The Dutch Experience
Many critics of the Oregon law also allude to the current state of affairs in the Netherlands, where assisted suicide is technically illegal though nonetheless widely practiced by Dutch physicians in accordance with certain “guidelines.” A recent official Dutch government study of the practice of euthanasia in that country provided some distressing statistics. The study showed that more than 40% of Dutch physicians have performed involuntary euthanasia—i.e., administration of lethal drugs to patients without their knowledge and consent. This occurs even though that country’s euthanasia guidelines are more stringent than the Oregon law and require that the choice of death must be informed and voluntary. The report also alarmingly indicated that there are about 1,000 cases per year of such involuntary euthanasia, half of which are performed without family consultation.
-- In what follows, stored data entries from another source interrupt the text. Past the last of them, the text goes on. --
lemma power_mult_succ_less:
  assumes "2 \<le> (q::nat)"
  shows "q ^ n * (q + 1) < q ^ (n + 2)"
proof -
  have "q + 1 < q * q" using mult_le_mono1[OF assms, of q] assms by linarith
  then have "q ^ n * (q + 1) < q ^ n * (q * q)"
    using assms by (intro mult_strict_left_mono) auto
  also have "\<dots> = q ^ (n + 2)" by (simp add: power_add power2_eq_square)
  finally show ?thesis .
qed

subsection \<open>Pivots\<close>

lemma full_row_rank_row_nonzero:
  fixes M :: "nat \<Rightarrow> nat \<Rightarrow> 'a::field"
  assumes "full_row_rank t k M" and "r < t"
  shows "row_nonzero k M r"
proof (rule ccontr)
  define c where "c i = (if i = r then 1 else 0 :: 'a)" for i
  assume "\<not> row_nonzero k M r"
  moreover have "(\<Sum>i<t. c i * M i j) = M r j" for j
  proof -
    have "(\<Sum>i<t. c i * M i j) = (\<Sum>i<t. if i = r then M r j else 0)"
      by (rule sum.cong) (simp_all add: c_def)
    then show ?thesis using assms(2) by simp
  qed
  ultimately have "\<forall>j<k. (\<Sum>i<t. c i * M i j) = 0"
    unfolding row_nonzero_def by simp
  then have "c r = 0"
    using assms unfolding full_row_rank_def by blast
  then show False unfolding c_def by simp
qed

lemma rref_pivot:
  assumes "rref t k N" and "i < t" and "row_nonzero k N i"
  shows "lead_pos k N i < k \<and> N i (lead_pos k N i) = 1 \<and>
         (\<forall>i'<t. i' \<noteq> i \<longrightarrow> N i' (lead_pos k N i) = 0)"
proof -
  obtain j where "j < k" "N i j \<noteq> 0" using assms(3) unfolding row_nonzero_def by blast
  moreover have "(LEAST j. N i j \<noteq> 0) \<le> j" by (rule Least_le) fact
  ultimately have "lead_pos k N i < k"
    using assms(3) unfolding lead_pos_def by simp
  then show ?thesis using assms unfolding rref_def by blast
qed
lemma linear_term_dominates_nontangential:
  fixes H E :: "complex \<Rightarrow> complex"
  assumes \<tau>: "cmod \<tau> = 1" and cont: "isCont H \<tau>" "isCont E \<tau>"
    and H\<tau>: "H \<tau> * \<tau> = - of_real s" and s: "s > 0" and c: "c > 0"
  obtains \<delta> where "\<delta> > 0" "\<And>z. cmod (z - \<tau>) < \<delta> \<Longrightarrow> cmod (z - \<tau>) < c * (1 - cmod z) \<Longrightarrow>
      s * (1 - cmod z) \<le> 2 * Re (H z * (z - \<tau>)) - cmod (z - \<tau>) ^ 2 * cmod (E z) ^ 2"
proof -
  have "eventually (\<lambda>z. s * (1 - cmod z) - s / (4 * c) * cmod (z - \<tau>) \<le> Re (H z * (z - \<tau>))) (at \<tau>)"
    by (rule linear_term_lower_bound_eventually[OF \<tau> cont(1) H\<tau>]) (use s c in auto)
  moreover have "eventually (\<lambda>z. cmod (z - \<tau>) ^ 2 * cmod (E z) ^ 2 \<le> s / (2 * c) * cmod (z - \<tau>)) (at \<tau>)"
    by (rule quadratic_term_small_eventually[OF cont(2)]) (use s c in auto)
  ultimately have "eventually (\<lambda>z. s * (1 - cmod z) - s / (4 * c) * cmod (z - \<tau>) \<le> Re (H z * (z - \<tau>)) \<and>
      cmod (z - \<tau>) ^ 2 * cmod (E z) ^ 2 \<le> s / (2 * c) * cmod (z - \<tau>)) (at \<tau>)"
    by (rule eventually_conj)
  then obtain \<delta> where "\<delta> > 0" and \<delta>: "\<And>z. z \<noteq> \<tau> \<Longrightarrow> dist z \<tau> < \<delta> \<Longrightarrow>
      s * (1 - cmod z) - s / (4 * c) * cmod (z - \<tau>) \<le> Re (H z * (z - \<tau>)) \<and>
      cmod (z - \<tau>) ^ 2 * cmod (E z) ^ 2 \<le> s / (2 * c) * cmod (z - \<tau>)"
    unfolding eventually_at by blast
  show ?thesis
  proof (rule that[OF \<open>\<delta> > 0\<close>])
    fix z assume z: "cmod (z - \<tau>) < \<delta>" "cmod (z - \<tau>) < c * (1 - cmod z)"
    have "z \<noteq> \<tau>" using z(2) \<tau> by auto
    hence bounds: "s * (1 - cmod z) - s / (4 * c) * cmod (z - \<tau>) \<le> Re (H z * (z - \<tau>))"
        "cmod (z - \<tau>) ^ 2 * cmod (E z) ^ 2 \<le> s / (2 * c) * cmod (z - \<tau>)"
      using \<delta> z(1) by (simp_all add: dist_norm)
    have "cmod (z - \<tau>) / c \<le> 1 - cmod z" using z(2) c by (simp add: divide_le_eq mult.commute)
    hence "s * (cmod (z - \<tau>) / c) \<le> s * (1 - cmod z)" using s by (intro mult_left_mono) auto
    moreover have "2 * (s / (4 * c) * cmod (z - \<tau>)) + s / (2 * c) * cmod (z - \<tau>) = s * (cmod (z - \<tau>) / c)"
      using c by (simp add: field_simps)
    ultimately show "s * (1 - cmod z) \<le> 2 * Re (H z * (z - \<tau>)) - cmod (z - \<tau>) ^ 2 * cmod (E z) ^ 2"
      using bounds by linarith
  qed
qed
It appears that the new Oregon law has commenced a new era in this country where physicians are now licensed to kill those who wish to “exit” this world with a “humane and dignified” death, and if the Dutch experience is any indicator, the only question that now remains is whether the elderly, the senile, the mentally ill, and retarded or dying children are next, victims to involuntary euthanasia, when, in the physician’s judgment, induced death would be more “humane and dignified.”
Lost in all of this debate in the national press is the additional horror that our nation (or at least a majority of citizens) is now insensible to the notion of the sanctity of life and the biblical truth that the Holy Spirit alone is the author, giver, and taker of life. Reformed Christian families will continue to agonize over sometimes difficult medical decisions encountered when a loved one is suffering from a painful terminal illness, but we would hope that pain medications coupled with loving consolation is the virtuous way to face that last enemy, death. To submit obediently to God’s providence and will, even in the face of pain and suffering is, after all, the only way to die with true Christian dignity.